The National Student Clearinghouse Research Center published the latest edition of its Current Term Enrollment Estimates series, which provides final enrollment estimates for the fall and spring terms.

The report found that undergraduate enrollment grew 3.5% and reached 15.3 million students, but remains below pre-pandemic levels (378,000 less students). Graduate enrollment also increased to 7.2%, higher than in 2020 (209,000 more students).

Graduation photo

(Read more: Undergraduate accounting enrollment rose 12%)

Community colleges saw the largest growth in enrollment (5.4%), and enrollment increased for all undergraduate credential types. Bachelor’s and associate programs grew 2.1% and 6.3%, respectively, but remain below pre-pandemic levels. 
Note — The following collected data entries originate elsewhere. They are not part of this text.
lemma relaxation_alpha_firmly_nonexpansive:
  assumes UG: "uniquely_geodesic TYPE('a::metric_space)" and CN: "two_uniformly_convex TYPE('a)"
    and "0 \<le> \<tau>" and "\<tau> \<le> 1/2"
    and FN: "(dist x p)\<^sup>2 + (dist y q)\<^sup>2 + 2 * (dist p q)\<^sup>2 \<le> (dist x q)\<^sup>2 + (dist y (p::'a))\<^sup>2"
  shows "(1 - \<tau>) * (dist (geod x p \<tau>) (geod y q \<tau>))\<^sup>2
    \<le> (1 - \<tau>) * (dist x y)\<^sup>2 - \<tau> * psi22 x y (geod x p \<tau>) (geod y q \<tau>)"
proof -
  define u v u' v' where "u = geod x p \<tau>" and "v = geod y q \<tau>"
    and "u' = geod x p (1 - \<tau>)" and "v' = geod y q (1 - \<tau>)"
  have \<tau>: "\<tau> \<in> {0..1}" "1 - \<tau> \<in> {0..1}" and "1 - \<tau> - \<tau> = 1 - 2 * \<tau>"
    using assms(3,4) by auto
  have d: "dist x u = \<tau> * dist x p" "dist y v = \<tau> * dist y q"
    "dist x u' = (1 - \<tau>) * dist x p" "dist y v' = (1 - \<tau>) * dist y q"
    "dist u p = (1 - \<tau>) * dist x p" "dist v q = (1 - \<tau>) * dist y q"
    unfolding u_def v_def u'_def v'_def using \<tau>
    by (simp_all add: dist_start_geod[OF UG] dist_geod_end[OF UG])
  have C1: "(1-\<tau>)*(dist u v)\<^sup>2 \<le> (1-2*\<tau>)*(dist x v)\<^sup>2 + \<tau>*(dist u' v)\<^sup>2 - \<tau>*(1-2*\<tau>)*(1-\<tau>)*(dist x p)\<^sup>2"
    using two_uniformly_convex_subsegment[OF UG CN \<open>0 \<le> \<tau>\<close>, of "1 - \<tau>" v x p] assms(3,4)
    unfolding u_def u'_def \<open>1 - \<tau> - \<tau> = 1 - 2 * \<tau>\<close> by (simp add: dist_commute)
  have C1': "(1-\<tau>)*(dist u v)\<^sup>2 \<le> (1-2*\<tau>)*(dist y u)\<^sup>2 + \<tau>*(dist u v')\<^sup>2 - \<tau>*(1-2*\<tau>)*(1-\<tau>)*(dist y q)\<^sup>2"
    using two_uniformly_convex_subsegment[OF UG CN \<open>0 \<le> \<tau>\<close>, of "1 - \<tau>" u y q] assms(3,4)
    unfolding v_def v'_def \<open>1 - \<tau> - \<tau> = 1 - 2 * \<tau>\<close> by (simp add: dist_commute)
  have C2: "(dist q u')\<^sup>2 \<le> \<tau>*(dist x q)\<^sup>2 + (1-\<tau>)*(dist p q)\<^sup>2 - \<tau>*(1-\<tau>)*(dist x p)\<^sup>2"
    using two_uniformly_convexD[OF CN \<tau>(2), of q x p] unfolding u'_def by (simp add: dist_commute algebra_simps)
  have C2': "(dist p v')\<^sup>2 \<le> \<tau>*(dist y p)\<^sup>2 + (1-\<tau>)*(dist p q)\<^sup>2 - \<tau>*(1-\<tau>)*(dist y q)\<^sup>2"
    using two_uniformly_convexD[OF CN \<tau>(2), of p y q] unfolding v'_def by (simp add: dist_commute algebra_simps)
  have P: "0 \<le> \<tau>\<^sup>2*(dist x p)\<^sup>2 + \<tau>\<^sup>2*(dist y q)\<^sup>2 + (dist u v)\<^sup>2 + (dist x y)\<^sup>2 - (dist y u)\<^sup>2 - (dist x v)\<^sup>2"
    using psi22_nonneg[OF CN, of x y u v] d unfolding psi22_def by (simp add: power_mult_distrib)
  have Q: "0 \<le> (1-\<tau>)\<^sup>2*(dist x p)\<^sup>2 + (dist q u')\<^sup>2 + (1-\<tau>)\<^sup>2*(dist y q)\<^sup>2 + (dist x v)\<^sup>2
      - (dist x q)\<^sup>2 - (dist u' v)\<^sup>2"
    using psi22_nonneg[OF CN, of x v u' q] d unfolding psi22_def by (simp add: dist_commute power_mult_distrib)
  have Q': "0 \<le> (1-\<tau>)\<^sup>2*(dist y q)\<^sup>2 + (dist p v')\<^sup>2 + (1-\<tau>)\<^sup>2*(dist x p)\<^sup>2 + (dist y u)\<^sup>2
      - (dist y p)\<^sup>2 - (dist u v')\<^sup>2"
    using psi22_nonneg[OF CN, of y u v' p] d unfolding psi22_def by (simp add: dist_commute power_mult_distrib)
  have "psi22 x y u v = \<tau>\<^sup>2*(dist x p)\<^sup>2 + \<tau>\<^sup>2*(dist y q)\<^sup>2 + (dist u v)\<^sup>2 + (dist x y)\<^sup>2 - (dist y u)\<^sup>2 - (dist x v)\<^sup>2"
    unfolding psi22_def d by (simp add: power_mult_distrib)
  with relaxation_linear_combination[OF assms(3,4) C1 C1' C2 C2' FN P Q Q'] show ?thesis
    unfolding u_def v_def by simp
qed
Most ethnoracial groups saw increases in enrollment this spring, with Black and multiracial undergraduate students seeing the largest growth (10.3% and 8.5%, respectively). The number of undergraduate students in their twenties also increased. Enrollment of students between the ages of 21 and 24 grew 3.2%, and enrollment for students between 25 and 29 grew 5.9%.

For the third consecutive year, high vocational public two-years had substantial growth in enrollment, increasing 11.7% from 2023 to 2024. Enrollment at these trade-focused institutions have increased nearly 20% since pre-pandemic levels.